A economia do município é movimentada pela exportação de palmito
e do fruto de açaí, a cerâmica e pecuária nas grandes fazendas. A pesca do
camarão é uma atividade muito comum entre as famílias ribeirinhas do
município, a produção é tão grande que a cidade realiza o famoso Festival do
Camarão sempre no início do mês de Junho.
No entanto, outra atividade está presente diariamente na vida dos
muanenses, a colheita do açaí, principalmente para as famílias que moram nas
localidades fora da sede da cidade. Essas famílias praticam a colheita em
palmeiras nativas presentes nos terrenos de suas casas e a despolpa ocorre
nas cozinhas dos próprios moradores, já que praticamente toda família possui
sua própria máquina para este fim. A estreita relação das famílias muanenses
com a cultura do açaí nos motivou a uma investigação mais profunda da
influência desta prática no ambiente escolar.
1.4. A Educação
No âmbito educacional, de acordo com dados do Instituto Anísio
Teixeira (INEP), sob a administração municipal existem 46 escolas em
funcionamento no município de Muaná, 6 estão localizadas na zona urbana e
40 na zona rural, estas oferecem desde a educação infantil até os últimos anos
do ensino fundamental, além de 1 escola de administração estadual que
oferece o ensino médio, a qual é o ponto de partida de nossa pesquisa.

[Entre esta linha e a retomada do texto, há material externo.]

(* Let K(z, .) = sum_{k<n} cnj (phi_k z) phi_k be the reproducing kernel of the polynomials of
   degree < n, so that phi_n'(z) = <phi_n', K(z, .)>.  On the circle cnj (K(z, zeta)) is the
   restriction of a function holomorphic in zeta off 0, so integrating the derivative of
   phi_n(zeta) cnj (K(z, zeta)) w(zeta) / (i zeta) around the circle moves the derivative onto the
   kernel and onto w, where w' = -v' w.  The kernel part leaves only the top coefficient of
   K(z, .), giving n kappa_{n-1} / kappa_n phi_{n-1}(z).  In the weight part one writes
   v'(zeta) = v'(z) - (z - zeta) (v'(z) - v'(zeta)) / (z - zeta): the v'(z) term vanishes by
   orthogonality, and in the other one the factor z - zeta cancels the denominator of the
   Christoffel-Darboux formula
     (1 - cnj z zeta) K(z, zeta) = cnj (phi_n^*(z)) phi_n^*(zeta) - cnj (phi_n(z)) phi_n(zeta),
   which follows from the Szego recurrence. *)

theory Submission
  imports Defs
begin

lemma cnj_eq_inverse_on_unit_circle: "norm (z::complex) = 1 \<Longrightarrow> cnj z = inverse z"
  by (metis complex_norm_square inverse_unique of_real_1 power_one)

O Colégio Estadual Dr. Sérgio Mota entrou em funcionamento no
ano de 2003 levando o ensino médio regular para o município. Antes de sua
implantação este nível de ensino era oferecido na modalidade modular apenas
na sede do município, aqueles que quisessem continuar seus estudos
deveriam se deslocar até a cidade ou se encaminhar para capital.
No ano de 2009 a Secretaria de Estado de Educação do Pará
(Seduc-Pa) implantou o Sistema de Organização Modular de Ensino (SOME)
na zona rural do município, contemplando as localidades de Vila de Ponta
Negra, Jararaca, Ilha Palheta, Rio Inamarú e Rio Atatá.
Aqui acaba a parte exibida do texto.